FRAMING QUESTIONS: CIVIL RELIGION IN AMERICA
Lecture of Dr. Nikolas K. Gvosdev
For the first few weeks of this class, we have grappled with the notion of civil religion. We have attempted to define it as those beliefs which are held by all in society in common, which create a sense of unity among the members of the community. We have seen how in Russia and in China, the process of civil religion took political matters and transformed them via a set of institutions and rituals into a religious system, complete with scriptures, saints, holidays, and rituals, as a way to legitimate the state and its ruling order and to provide context for the individual within larger society. To some extent, the civil religion also humanized or incarnated abstract principles by rooting or siting them into actual human beings (Confucius, Lenin). In both of the above cases, the creation of civil religion was a deliberate act, promoted and spearheaded by the government.
Voltaire had defined civil religion as those basic beliefs which provided context to society, and to which the state could and should compel allegiance. Such beliefs did not have to preclude a person holding more developed, personal beliefs; but civil religion was meant to act as the glue that would hold a society together and transfer the strong bonds of community and faith that held together churches by encouraging believers to see in each other a common allegiance and near-familial unity to the national community as a whole.
Will Herberg quotes Robin Williams to say that "Every functioning society has, to an important degree, a common religion. The possession of a common set of ideas, rituals, and symbols can supply an overarching sense of unity even in a society otherwise riddled with conflict." Herberg describes civil religion as the "operative" religion of a society, the "system of norms, values, and allegiances actually functioning as such in the on-going social life of the community."
While there is some evidence that civil religion in America was artificially created, it is also clear that the civil religion seems to have deep roots within American culture. With that in mind, I would like to put forward the following propositions to discuss how and why civil religion has evolved in America as it has:
Americans wanted a sense of transcendence that would indicate that the formation of the new nation and its institutions was not something random taking place in a vacuum but had meaning; they wanted a sense of landmarks in a society which did not have them. They wanted to develop a sense of unity but lacked a number of the Old World institutions (such as a state Church) that provided it nor did they want to create institutions that created the conditions that caused their ancestors to leave Europe. This accounts for civil religion's vague and unformed character and its sense of informality and lack of detailed organization.

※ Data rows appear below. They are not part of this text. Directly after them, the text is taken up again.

(* Let $T$ be an oriented tree and $U=\{v\in V(T):\deg^-_T(v)\geq 2\}$. Suppose that $T$ is grounded, that the minimal subtree of $T$ containing $U$ is an out-arborescence, that $|U|\geq 2$, and that $T$ has no leaf of in-degree $1$. Then there exist integers $k\ge 1$ and $\ell\ge 1$ such that $T$ is isomorphic to a subgraph of $T(k,\ell)$.
   Context: An oriented tree is an orientation of an undirected tree. For an oriented tree $T$, a height function $h_T\colon V(T)\to\mathbb{Z}$ satisfies $h_T(v)=h_T(u)+1$ for every edge $(u,v)\in E(T)$ (unique up to an additive constant); $T$ is grounded if $h_T$ is constant on the vertices of in-degree at least $2$. An out-arborescence is an oriented tree with all edges oriented away from a designated root. $B^+_{k,\ell}$ is the complete $\ell$-ary tree of depth $k$ (distance from root to leaves $k$) with all edges oriented away from the root. $S^-_{k,\ell}$ is the $(k-1)$-subdivision of the in-star with $\ell$ leaves: a centre vertex together with $\ell$ directed paths of length $k$ ending at the centre, pairwise sharing only the centre. $T(k,\ell)$ is the oriented tree obtained from $B^+_{k,\ell}$ by identifying each leaf with the centre of a new (disjoint) copy of $S^-_{k,\ell}$. *)

theory Defs
  imports Main
begin

definition und :: "('a \<times> 'a) set \<Rightarrow> ('a \<times> 'a) set" where
  "und E = E \<union> E\<inverse>"

definition induced :: "'a set \<Rightarrow> ('a \<times> 'a) set \<Rightarrow> ('a \<times> 'a) set" where
  "induced W E = E \<inter> (W \<times> W)"

definition und_connected :: "'a set \<Rightarrow> ('a \<times> 'a) set \<Rightarrow> bool" where
  "und_connected V E \<longleftrightarrow> (\<forall>u\<in>V. \<forall>v\<in>V. (u, v) \<in> (und E)\<^sup>*)"

definition oriented_tree :: "'a set \<Rightarrow> ('a \<times> 'a) set \<Rightarrow> bool" where
  "oriented_tree V E \<longleftrightarrow> finite V \<and> V \<noteq> {} \<and> E \<subseteq> V \<times> V
     \<and> (\<forall>v. (v, v) \<notin> E) \<and> (\<forall>u v. (u, v) \<in> E \<longrightarrow> (v, u) \<notin> E)
     \<and> und_connected V E \<and> card E + 1 = card V"

definition indeg :: "'a set \<Rightarrow> ('a \<times> 'a) set \<Rightarrow> 'a \<Rightarrow> nat" where
  "indeg V E v = card {u \<in> V. (u, v) \<in> E}"

definition outdeg :: "'a set \<Rightarrow> ('a \<times> 'a) set \<Rightarrow> 'a \<Rightarrow> nat" where
  "outdeg V E v = card {w \<in> V. (v, w) \<in> E}"

definition is_leaf :: "'a set \<Rightarrow> ('a \<times> 'a) set \<Rightarrow> 'a \<Rightarrow> bool" where
  "is_leaf V E v \<longleftrightarrow> v \<in> V \<and> indeg V E v + outdeg V E v = 1"

definition branch_verts :: "'a set \<Rightarrow> ('a \<times> 'a) set \<Rightarrow> 'a set" where
  "branch_verts V E = {v \<in> V. indeg V E v \<ge> 2}"

definition height_fun :: "('a \<times> 'a) set \<Rightarrow> ('a \<Rightarrow> int) \<Rightarrow> bool" where
  "height_fun E h \<longleftrightarrow> (\<forall>(u, v) \<in> E. h v = h u + 1)"

text \<open>Grounded: a height function is constant on the vertices of in-degree at least 2
  (height functions are unique up to an additive constant, so "some" = "every").\<close>
definition grounded :: "'a set \<Rightarrow> ('a \<times> 'a) set \<Rightarrow> bool" where
  "grounded V E \<longleftrightarrow> (\<exists>h. height_fun E h \<and>
      (\<forall>u \<in> branch_verts V E. \<forall>w \<in> branch_verts V E. h u = h w))"

definition min_subtree_verts :: "'a set \<Rightarrow> ('a \<times> 'a) set \<Rightarrow> 'a set \<Rightarrow> 'a set" where
  "min_subtree_verts V E U =
     \<Inter> {W. U \<subseteq> W \<and> W \<subseteq> V \<and> und_connected W (induced W E)}"

definition out_arborescence :: "'a set \<Rightarrow> ('a \<times> 'a) set \<Rightarrow> bool" where
  "out_arborescence V E \<longleftrightarrow> oriented_tree V E \<and> (\<exists>r \<in> V. \<forall>v \<in> V. (r, v) \<in> E\<^sup>*)"

definition subgraph_iso :: "'a set \<Rightarrow> ('a \<times> 'a) set \<Rightarrow> 'b set \<Rightarrow> ('b \<times> 'b) set \<Rightarrow> bool" where
  "subgraph_iso V E V' E' \<longleftrightarrow> (\<exists>f. inj_on f V \<and> f ` V \<subseteq> V' \<and>
      (\<forall>(u, v) \<in> E. (f u, f v) \<in> E'))"

text \<open>Vertex (xs,0,0) with xs a word over {0..<l} of length \<le> k is the
  vertex xs of B^+_{k,l} (root = []). For a leaf w (length k), vertex (w,j,t) with j<l,
  1 \<le> t \<le> k is the vertex at distance t from the centre w on the j-th in-path of the
  copy of S^-_{k,l} attached at w.\<close>
definition Tk_verts :: "nat \<Rightarrow> nat \<Rightarrow> (nat list \<times> nat \<times> nat) set" where
  "Tk_verts k l =
     {(xs, 0, 0) | xs. length xs \<le> k \<and> set xs \<subseteq> {..<l}}
   \<union> {(w, j, t) | w j t. length w = k \<and> set w \<subseteq> {..<l} \<and> j < l \<and> 1 \<le> t \<and> t \<le> k}"

definition Tk_edges :: "nat \<Rightarrow> nat \<Rightarrow> ((nat list \<times> nat \<times> nat) \<times> (nat list \<times> nat \<times> nat)) set" where
  "Tk_edges k l =
     {((xs, 0, 0), (xs @ [i], 0, 0)) | xs i. length xs < k \<and> set xs \<subseteq> {..<l} \<and> i < l}
   \<union> {((w, j, Suc t), (w, j, t)) | w j t. length w = k \<and> set w \<subseteq> {..<l} \<and> j < l
        \<and> 1 \<le> t \<and> Suc t \<le> k}
   \<union> {((w, j, 1), (w, 0, 0)) | w j. length w = k \<and> set w \<subseteq> {..<l} \<and> j < l}"

end

(*
  Let U be the set of branch vertices, r the root of the out-arborescence spanned by U, and h a
  height function with h = h0 on U. A sink outside U would be a leaf of in-degree 1, so every
  directed path ends in U and h <= h0 everywhere. Root the underlying tree at r. An edge from a
  vertex to its child only occurs among the vertices reachable from r, so every other vertex
  points to its parent: it lies either on the stem, the directed path ending at r, or on a
  directed path entering U from below. Since vertices outside U have in-degree at most 1, such a
  path is determined by its last vertex and its length.

  Put k = h0 - min h and l = |V| and label V injectively by {0..<l}. A reachable vertex v goes to
  the word of B^+(k,l) made of h r - min h zeros followed by the labels on the path from r to v
  (branch vertices, at height h0, become leaves); a stem vertex v goes to the all-zero word of
  length h v - min h; and a vertex at distance t below u in U, whose path enters u through w, goes
  to the vertex at distance t on the in-path numbered by the label of w in the copy of S^-(k,l)
  attached at the leaf of u.
*)

theory Submission
  imports Defs
begin

lemma height_fun_relpow:
  assumes "height_fun E h" and "(a, b) \<in> E ^^ n"
  shows "h b = h a + int n"
  using assms(2)
proof (induction n arbitrary: b)
  case 0
  then show ?case by simp
next
  case (Suc n)
  then obtain y where "(a, y) \<in> E ^^ n" and "(y, b) \<in> E"
    by (meson relpow_Suc_E)
  with Suc.IH assms(1) show ?case
    by (fastforce simp: height_fun_def)
qed

lemma height_fun_rtrancl_le:
  assumes "height_fun E h" and "(a, b) \<in> E\<^sup>*"
  shows "h a \<le> h b"
proof -
  obtain n where "(a, b) \<in> E ^^ n"
    using assms(2) rtrancl_power by blast
  with assms(1) show ?thesis
    by (simp add: height_fun_relpow)
qed

lemma height_fun_rtrancl_less:
  assumes "height_fun E h" and "(a, b) \<in> E\<^sup>*" and "a \<noteq> b"
  shows "h a < h b"
proof -
  obtain n where n: "(a, b) \<in> E ^^ n"
    using assms(2) rtrancl_power by blast
  with assms(3) have "n \<noteq> 0"
    by (cases n) auto
  with assms(1) n show ?thesis
    by (simp add: height_fun_relpow)
qed

lemma funpow_Suc_apply: "(f ^^ n) (f x) = (f ^^ Suc n) x"
  by (simp add: funpow_Suc_right del: funpow.simps)

lemma funpow_reaches_level:
  fixes f :: "'a \<Rightarrow> 'a" and h :: "'a \<Rightarrow> int"
  assumes step: "\<And>v. v \<in> P \<Longrightarrow> h (f v) = h v + 1 \<and> (f v \<in> P \<or> f v \<in> T)"
    and below: "\<And>v. v \<in> P \<Longrightarrow> h v < t"
    and level: "\<And>v. v \<in> T \<Longrightarrow> h v = t"
    and "v \<in> P"
  shows "(\<forall>i < nat (t - h v). (f ^^ i) v \<in> P) \<and> (f ^^ nat (t - h v)) v \<in> T"
proof -
  have "(\<forall>i < n. (f ^^ i) v \<in> P) \<and> (f ^^ n) v \<in> T" if "v \<in> P" "n = nat (t - h v)" for n v
    using that
  proof (induction n arbitrary: v)
    case 0
    then show ?case using below by fastforce
  next
    case (Suc n)
    from step[OF Suc.prems(1)] consider "f v \<in> T" | "f v \<in> P"
      by blast
    then show ?case
    proof cases
      case 1
      with Suc.prems step level have "n = 0"
        by fastforce
      with 1 Suc.prems(1) show ?thesis
        by simp
    next
      case 2
      with Suc.prems step have "(\<forall>i < n. (f ^^ i) (f v) \<in> P) \<and> (f ^^ n) (f v) \<in> T"
        by (intro Suc.IH) auto
      with Suc.prems(1) show ?thesis
        by (auto simp: funpow_Suc_apply less_Suc_eq_0_disj simp del: funpow.simps)
    qed
  qed
  with assms(4) show ?thesis by blast
qed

All of this, therefore, raises some basic questions: Would American civil religion have developed had there been a strong organizational church or if the Protestant Episcopal Church had been "established?" Would there have been a need to talk about an "American way of life" if the geographic or political conditions of America had more greatly resembled those existing in Europe? Is the need for a generic "God" of civil religion based upon the republican form of government and the lack of a human focal point (the person of a monarch)?